Say goodbye to: The 2019-20 Red Wings falling to fourth and missing out on Alexis Lafreniere, Quinton Byfield and Tim Stutzle; the 2018-19 Chicago Blackhawks jumping up from the 12th slot to pick at third overall despite having the 10th-best odds. Under the new format, if the 31st-place team whiffs on picks 1 and 2, it will automatically get the No. 3 pick.

2. (Implemented starting in 2022) "There will be a limit on the total number of selections – 10, a Club participating in the Draft Lottery can “move up” in the event it wins one of the Draft Lottery Draws. The result will be that the number of teams eligible to select First Overall in any given year will be reduced from 16 total teams to 11 total teams."
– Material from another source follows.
(* Let $d\ge1$ and let $(\alpha_0,\alpha_1,\dots)$ be a sequence of $d\times d$ complex matrices with $\|\alpha_i\|<1$, with associated block CMV matrices $\mathcal{C}=\mathcal{C}(\alpha_0,\alpha_1,\dots)$ and $\hat{\mathcal{C}}=\hat{\mathcal{C}}(\alpha_0,\alpha_1,\dots)$. Then for every $j\in\mathbb{N}$, $$\mathcal{C}=\begin{cases}(\mathbb{1}_j\oplus\mathcal{C}^{(j)})(\mathcal{C}_j\oplus\mathbb{1}_\infty), & j\text{ even},\\ (\mathcal{C}_j\oplus\mathbb{1}_\infty)(\mathbb{1}_j\oplus\hat{\mathcal{C}}^{(j)}), & j\text{ odd},\end{cases}\qquad \hat{\mathcal{C}}=\begin{cases}(\hat{\mathcal{C}}_j\oplus\mathbb{1}_\infty)(\mathbb{1}_j\oplus\hat{\mathcal{C}}^{(j)}), & j\text{ even},\\ (\mathbb{1}_j\oplus\mathcal{C}^{(j)})(\hat{\mathcal{C}}_j\oplus\mathbb{1}_\infty), & j\text{ odd},\end{cases}$$ where $\mathcal{C}_j=\mathcal{C}_j(\alpha_0,\dots,\alpha_{j-1})$, $\hat{\mathcal{C}}_j=\hat{\mathcal{C}}_j(\alpha_0,\dots,\alpha_{j-1})$, $\mathcal{C}^{(j)}=\mathcal{C}(\alpha_j,\alpha_{j+1},\dots)$ and $\hat{\mathcal{C}}^{(j)}=\hat{\mathcal{C}}(\alpha_j,\alpha_{j+1},\dots)$. (These are $V_j$-overlapping factorizations.)
   Context: Let $\ell^2$ have canonical basis $\{e_i\}_{i\ge0}$ and canonical subspaces $V_m=\operatorname{span}\{e_{md},\dots,e_{md+d-1}\}$, $m\ge0$, so $\ell^2=\bigoplus_{m\ge0}V_m$. For a $d\times d$ matrix $\alpha$ with $\|\alpha\|\le1$ set $\rho^L=(\mathbb{1}-\alpha^\dagger\alpha)^{1/2}$, $\rho^R=(\mathbb{1}-\alpha\alpha^\dagger)^{1/2}$ and $\Theta(\alpha)=\begin{pmatrix}\alpha^\dagger&\rho^L\\ \rho^R&-\alpha\end{pmatrix}$ ($\mathbb{1}$ the $d\times d$ identity). Given $(\alpha_0,\alpha_1,\dots)$, let $\mathcal{L}=\Theta(\alpha_0)\oplus\Theta(\alpha_2)\oplus\Theta(\alpha_4)\oplus\cdots$ and $\mathcal{M}=\mathbb{1}\oplus\Theta(\alpha_1)\oplus\Theta(\alpha_3)\oplus\cdots$ (so that $\Theta(\alpha_i)$ acts on $V_i\oplus V_{i+1}$), and define the block CMV matrices $\mathcal{C}(\alpha_0,\alpha_1,\dots)=\mathcal{L}\mathcal{M}$, $\hat{\mathcal{C}}(\alpha_0,\alpha_1,\dots)=\mathcal{M}\mathcal{L}$. For $N\ge0$ and $(\alpha_0,\dots,\alpha_{N-1})$, the finite block CMV matrices acting on $V_0\oplus\cdots\oplus V_N$ are $\mathcal{C}_N=\mathcal{L}_N\mathcal{M}_N$ and $\hat{\mathcal{C}}_N=\mathcal{M}_N\mathcal{L}_N$, where for odd $N$: $\mathcal{L}_N=\Theta(\alpha_0)\oplus\Theta(\alpha_2)\oplus\cdots\oplus\Theta(\alpha_{N-1})$, $\mathcal{M}_N=\mathbb{1}\oplus\Theta(\alpha_1)\oplus\cdots\oplus\Theta(\alpha_{N-2})\oplus\mathbb{1}$; for even $N$: $\mathcal{L}_N=\Theta(\alpha_0)\oplus\cdots\oplus\Theta(\alpha_{N-2})\oplus\mathbb{1}$, $\mathcal{M}_N=\mathbb{1}\oplus\Theta(\alpha_1)\oplus\cdots\oplus\Theta(\alpha_{N-1})$ (with $\mathcal{C}_0=\hat{\mathcal C}_0=\mathbb{1}$). In the factorizations, $\mathcal{C}_j,\hat{\mathcal{C}}_j$ act on $V_0\oplus\cdots\oplus V_j$; $\mathcal{C}^{(j)},\hat{\mathcal{C}}^{(j)}$ act on $\bigoplus_{m\ge j}V_m$ (with $V_j$ in the role of the first block); $\mathbb{1}_j$ is the identity on $V_0\oplus\cdots\oplus V_{j-1}$ and $\mathbb{1}_\infty$ is the identity on $\bigoplus_{m>j}V_m$. *)

theory Defs
  imports "HOL-Analysis.Analysis"
begin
Say goodbye to: The 2016-17 Philadelphia Flyers finishing with the 13th-best draft lottery odds and leaping 11 spots up to the No. 2 overall pick.

3. (Implemented starting in 2022) "No single team will be able to advance in the Draft order by reason of winning a Lottery Draw more than two (2) times in any five (5) year period." This limitation will not affect a Club’s ability to retain its presumptive Draft position in any Draft Lottery, nor would it preclude the possibility of the Club moving down in Draft Order to the extent other Clubs advance by reason of winning the Lottery Draws. For purposes of clarity, the limitation would attach to the team, not the specific pick.
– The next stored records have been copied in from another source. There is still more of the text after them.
lemma prior_ratio_integral_subexponential:
  fixes P :: "'p measure" and f :: "'p \<Rightarrow> 'b \<Rightarrow> real"
  assumes P: "prob_space P"
    and f_meas: "(\<lambda>(\<theta>, x). f \<theta> x) \<in> borel_measurable (P \<Otimes>\<^sub>M \<mu>)"
    and f_nonneg: "\<And>\<theta> x. \<theta> \<in> space P \<Longrightarrow> x \<in> space \<mu> \<Longrightarrow> f \<theta> x \<ge> 0"
    and f_dens: "\<And>\<theta>. \<theta> \<in> space P \<Longrightarrow> (\<integral>\<^sup>+ x. ennreal (f \<theta> x) \<partial>\<mu>) = 1"
    and KL_support: "\<And>\<epsilon>::real. \<epsilon> > 0 \<Longrightarrow>
          emeasure P {\<theta> \<in> space P. kl_div \<mu> f0 (f \<theta>) < ereal \<epsilon>} > 0"
    and "\<epsilon> > 0"
  shows "AE \<omega> in M. eventually (\<lambda>n. ennreal (exp (- \<epsilon> * real n))
    \<le> (\<integral>\<^sup>+\<theta>. ennreal (\<Prod>i<n. f \<theta> (X i \<omega>) / f0 (X i \<omega>)) \<partial>P)) sequentially"
proof -
  interpret P: prob_space P by (rule P)
  interpret MP: pair_sigma_finite M P by unfold_locales
  have [measurable]: "(\<lambda>p. f (snd p) (X i (fst p))) \<in> borel_measurable (M \<Otimes>\<^sub>M P)" for i
    by (rule measurable_kernel_sample[OF f_meas])
  have f_section[measurable]: "f \<theta> \<in> borel_measurable \<mu>" if "\<theta> \<in> space P" for \<theta>
    using measurable_Pair2[OF f_meas that] by simp
  define \<delta> where "\<delta> = \<epsilon> / 3"
  have "\<delta> > 0" using \<open>\<epsilon> > 0\<close> by (simp add: \<delta>_def)
  define A where "A = {\<theta> \<in> space P. kl_div \<mu> f0 (f \<theta>) < ereal \<delta>}"
  have A_pos: "emeasure P A > 0" unfolding A_def by (rule KL_support) fact
  then have [measurable]: "A \<in> sets P" using emeasure_notin_sets by fastforce
  define good where "good \<theta> \<omega> \<longleftrightarrow> (\<forall>i. 0 < f0 (X i \<omega>) \<longrightarrow> 0 < f \<theta> (X i \<omega>)) \<and>
      (\<exists>N. \<forall>n\<ge>N. (\<Sum>i<n. log_ratio f0 (f \<theta>) (X i \<omega>)) \<le> real n * (2 * \<delta>))" for \<theta> \<omega>
  have good_AE: "AE \<omega> in M. good \<theta> \<omega>" if "\<theta> \<in> A" for \<theta>
  proof -
    have \<theta>: "\<theta> \<in> space P" and kl: "kl_div \<mu> f0 (f \<theta>) < ereal \<delta>" using that by (auto simp: A_def)
    show ?thesis
      unfolding good_def by (rule log_ratio_sum_eventually_le[OF f_section[OF \<theta>] f_nonneg[OF \<theta>] f_dens[OF \<theta>] kl \<open>\<delta> > 0\<close>])
  qed
  have "AE \<theta> in P. AE \<omega> in M. \<theta> \<in> A \<longrightarrow> good \<theta> \<omega>"
  proof (rule AE_I2)
    fix \<theta> assume "\<theta> \<in> space P"
    show "AE \<omega> in M. \<theta> \<in> A \<longrightarrow> good \<theta> \<omega>" using good_AE[of \<theta>] by (cases "\<theta> \<in> A") auto
  qed
  moreover have "{p \<in> space (M \<Otimes>\<^sub>M P). snd p \<in> A \<longrightarrow> good (snd p) (fst p)} \<in> sets (M \<Otimes>\<^sub>M P)"
    unfolding good_def log_ratio_def by measurable
  ultimately have "AE \<omega> in M. AE \<theta> in P. \<theta> \<in> A \<longrightarrow> good \<theta> \<omega>"
    using MP.AE_commute[of "\<lambda>\<omega> \<theta>. \<theta> \<in> A \<longrightarrow> good \<theta> \<omega>"] by simp
  then show ?thesis using AE_sample_pos AE_space
  proof eventually_elim
    case (elim \<omega>)
    have [measurable]: "(\<lambda>\<theta>. f \<theta> (X i \<omega>)) \<in> borel_measurable P" for i
      by (rule measurable_kernel_at_sample[OF f_meas elim(3)])
    have lower: "\<exists>N. \<forall>n\<ge>N. ennreal (exp (- (2 * \<delta>) * real n))
        \<le> ennreal (\<Prod>i<n. f \<theta> (X i \<omega>) / f0 (X i \<omega>))" if "good \<theta> \<omega>" for \<theta>
    proof -
      from that obtain N where
        pos: "\<forall>i. 0 < f0 (X i \<omega>) \<longrightarrow> 0 < f \<theta> (X i \<omega>)" and
        N: "\<forall>n\<ge>N. (\<Sum>i<n. log_ratio f0 (f \<theta>) (X i \<omega>)) \<le> real n * (2 * \<delta>)"
        unfolding good_def by blast
      have "exp (- (2 * \<delta>) * real n) \<le> (\<Prod>i<n. f \<theta> (X i \<omega>) / f0 (X i \<omega>))" if "n \<ge> N" for n
        using pos elim(2) N that by (intro exp_neg_le_prod_ratio) auto
      then show ?thesis by (blast intro: ennreal_leI)
    qed
    have lower_AE: "AE \<theta> in P. \<theta> \<in> A \<longrightarrow>
        (\<exists>N. \<forall>n\<ge>N. ennreal (exp (- (2 * \<delta>) * real n)) \<le> ennreal (\<Prod>i<n. f \<theta> (X i \<omega>) / f0 (X i \<omega>)))"
      using elim(1) by (rule eventually_mono) (blast intro: lower)
    show ?case
    proof (rule P.nn_integral_eventually_ge_exp[OF _ _ A_pos lower_AE])
      show "2 * \<delta> < \<epsilon>" using \<open>\<delta> > 0\<close> by (simp add: \<delta>_def)
    qed measurable
  qed
qed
"By way of example, if a Club were to win the first Lottery Draw as the 7th Worst-Finishing Club in Year 1 (thereby earning the First Overall Selection in the succeeding Draft), and the second Lottery Draw as the 13th Worst-Finishing Club in Year 3 (thereby earning the Third Overall Selection in the succeeding Draft), that Club would no longer be eligible to benefit by winning a Lottery Draw in either of Year 4 or Year 5, and would not be able to benefit again by winning the Draft Lottery (or either of the Draft Lottery Draws) until Year 6 at the earliest."
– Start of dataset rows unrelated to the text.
(* Let $K$ be a finite simplicial complex, $N\subseteq K$ a closed set, and for $i=1,\dots,n$ let $\mathcal{V}_i$ be a multivector field on $K$, $\mathcal{M}_i$ a Morse decomposition (under $\mathcal{V}_i$) of an isolated invariant set $S_i$ isolated by $N$, and $G_i$ the corresponding Conley-Morse graph. Suppose each Morse set $M\in\mathcal{M}_i$ is associated with a unique index pair $(P_M,E_M)$ in $N$ for $M$. Then the algorithm described below (Algorithm FindConleyMorseFiltrations) outputs exactly the set of all Conley-Morse filtrations for $G_1,\dots,G_n$.
   Context: Notation: $\sigma\le\tau$ means $\sigma$ is a face of $\tau$; $\mathrm{cl}(A)=\{\tau:\tau\le\sigma \text{ for some }\sigma\in A\}$; $A$ is closed if $A=\mathrm{cl}(A)$; $\mathrm{mo}(A)=\mathrm{cl}(A)\setminus A$. A multivector is a convex set $A\subseteq K$ (no $\sigma\in K\setminus A$ with $\sigma_1\le\sigma\le\sigma_2$ for $\sigma_1,\sigma_2\in A$); a multivector field $\mathcal{V}$ is a partition of $K$ into multivectors, $[\sigma]_{\mathcal V}$ the multivector containing $\sigma$, and $F_{\mathcal V}(\sigma)=[\sigma]_{\mathcal V}\cup\mathrm{cl}(\sigma)$, $F_{\mathcal V}(A)=\bigcup_{\sigma\in A}F_{\mathcal V}(\sigma)$. A path is a finite sequence $\sigma_1,\dots,\sigma_m$ with $\sigma_{j}\in F_{\mathcal V}(\sigma_{j-1})$; a solution is a bi-infinite such sequence. A multivector $V$ is critical if $H_k(\mathrm{cl}(V),\mathrm{mo}(V))\ne 0$ for some $k$ (homology over a finite field), regular otherwise. A solution $\rho:\mathbb Z\to K$ is essential if for each $i$ with $[\rho(i)]_{\mathcal V}$ regular there are $i^-<i<i^+$ with $[\rho(i^\pm)]_{\mathcal V}\ne[\rho(i)]_{\mathcal V}$. $\mathrm{inv}_{\mathcal V}(A)$ is the set of $\sigma\in A$ lying on an essential solution with image in $A$. $S$ is invariant if $\mathrm{inv}(S)=S$. An invariant set $S$ is isolated by a closed set $N$ if $S$ is a union of multivectors of $\mathcal V$ and every path in $N$ with both endpoints in $S$ lies in $S$. A Morse decomposition of $S$ (indexed by a finite poset $\mathbb P$) is a family $\{M_p\}_{p\in\mathbb P}$ of mutually disjoint isolated invariant subsets of $S$ such that every essential solution $\rho$ in $S$ either has image in some $M_r$ or has $\alpha(\rho)\subseteq M_q$, $\omega(\rho)\subseteq M_p$ with $q>p$, where $\alpha(\rho)=\bigcap_{i\ge1}\rho((-\infty,-i])$, $\omega(\rho)=\bigcap_{i\ge1}\rho([i,\infty))$. The Conley-Morse graph has one vertex per Morse set, a directed edge $M\to M'$ iff there is a connection (a path in $N$ starting in $M$ and ending in $M'$), and vertices annotated by Poincaré polynomials of the Conley indices. An index pair in $N$ for $S$ (isolated by $N$) is a pair of closed sets $E\subseteq P\subseteq N$ with: $F_{\mathcal V}(E)\cap N\subseteq E$; $F_{\mathcal V}(P)\cap N\subseteq P$; $F_{\mathcal V}(P\setminus E)\subseteq N$; $S=\mathrm{inv}(P\setminus E)$. A sequence $\{(P_i,E_i)\}_{i=a}^b$, where $(P_i,E_i)$ is the index pair of some Morse set in $\mathcal M_i$, is feasible if $(P_i\setminus E_i)\cap(P_{i+1}\setminus E_{i+1})\ne\emptyset$ for $a\le i<b$; it is maximal if moreover there is no index pair $(P_{a-1},E_{a-1})$ of a Morse set in $\mathcal M_{a-1}$ with $(P_{a-1}\setminus E_{a-1})\cap(P_a\setminus E_a)\neq\emptyset$ and no index pair $(P_{b+1},E_{b+1})$ of a Morse set in $\mathcal M_{b+1}$ with $(P_b\setminus E_b)\cap(P_{b+1}\setminus E_{b+1})\ne\emptyset$. The Conley-Morse filtration of a maximal sequence is the relative zigzag filtration $(P_a,E_a)\supseteq(P_a\cap P_{a+1},E_a\cap E_{a+1})\subseteq(P_{a+1},E_{a+1})\supseteq\cdots\subseteq(P_b,E_b)$. Algorithm FindConleyMorseFiltrations: initialize sets $alive=\emptyset$, $all=\emptyset$. For $i=1,\dots,n$: set $to\_remove=\emptyset$, $still\_alive=\emptyset$; for each sequence $s\in alive$ with last term $(P',E')$ and each $M\in\mathcal M_i$ with $(P,E)=(P_M,E_M)$ satisfying $(P\setminus E)\cap(P'\setminus E')\ne\emptyset$: add to $still\_alive$ a copy of $s$ with $(P,E)$ appended, mark $M$ as "in a sequence", and add $s$ to $to\_remove$. Then let $dead=alive\setminus to\_remove$, set $alive=still\_alive$, $all=all\cup dead$, and for each $M\in\mathcal M_i$ not marked "in a sequence" add the one-term sequence $((P_M,E_M))$ to $alive$. After the loop set $all=all\cup alive$ and output the relative zigzag filtrations of the sequences in $all$. *)

theory Defs
  imports Main
begin

definition simplicial_complex :: "'v set set \<Rightarrow> bool" where
  "simplicial_complex K \<longleftrightarrow> finite K \<and> (\<forall>\<sigma>\<in>K. finite \<sigma> \<and> \<sigma> \<noteq> {}) \<and>
     (\<forall>\<sigma>\<in>K. \<forall>\<tau>. \<tau> \<subseteq> \<sigma> \<and> \<tau> \<noteq> {} \<longrightarrow> \<tau> \<in> K)"

definition cl :: "'v set set \<Rightarrow> 'v set set \<Rightarrow> 'v set set" where
  "cl K A = {\<tau>\<in>K. \<exists>\<sigma>\<in>A. \<tau> \<subseteq> \<sigma>}"

definition closed_set :: "'v set set \<Rightarrow> 'v set set \<Rightarrow> bool" where
  "closed_set K A \<longleftrightarrow> A \<subseteq> K \<and> cl K A = A"

definition mo :: "'v set set \<Rightarrow> 'v set set \<Rightarrow> 'v set set" where
  "mo K A = cl K A - A"

definition convex_set :: "'v set set \<Rightarrow> 'v set set \<Rightarrow> bool" where
  "convex_set K A \<longleftrightarrow> A \<subseteq> K \<and>
     (\<forall>\<sigma>\<in>K. \<forall>\<sigma>1\<in>A. \<forall>\<sigma>2\<in>A. \<sigma>1 \<subseteq> \<sigma> \<and> \<sigma> \<subseteq> \<sigma>2 \<longrightarrow> \<sigma> \<in> A)"

definition multivector_field :: "'v set set \<Rightarrow> 'v set set set \<Rightarrow> bool" where
  "multivector_field K V \<longleftrightarrow> (\<forall>A\<in>V. A \<noteq> {} \<and> convex_set K A) \<and> \<Union>V = K \<and>
     (\<forall>A\<in>V. \<forall>B\<in>V. A \<noteq> B \<longrightarrow> A \<inter> B = {})"

definition mv_of :: "'v set set set \<Rightarrow> 'v set \<Rightarrow> 'v set set" where
  "mv_of V \<sigma> = (THE A. A \<in> V \<and> \<sigma> \<in> A)"

definition Fv :: "'v set set \<Rightarrow> 'v set set set \<Rightarrow> 'v set \<Rightarrow> 'v set set" where
  "Fv K V \<sigma> = mv_of V \<sigma> \<union> cl K {\<sigma>}"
Say goodbye to: The New York Rangers winning lottery draws in 2019 and 2020 despite not finishing with the league’s worst record in either season. It’s important to note that the “two in five years” rule only applies to moving up in the lottery. A last-overall team doesn’t “move up” to pick first, so you can win the lottery with a 31st-place finish unlimited times. Same goes for a 30th-place team winning the No. 2 pick in the lottery. So the Oilers winning the 2010 and 2011 first-overall picks wouldn’t count as their “two wins” because they didn’t move up. They finished dead last both those seasons. Their lottery wins in 2012 and 2015, however, would count as their two wins in five years because they didn’t finish last overall in those seasons and thus moved up to pick first.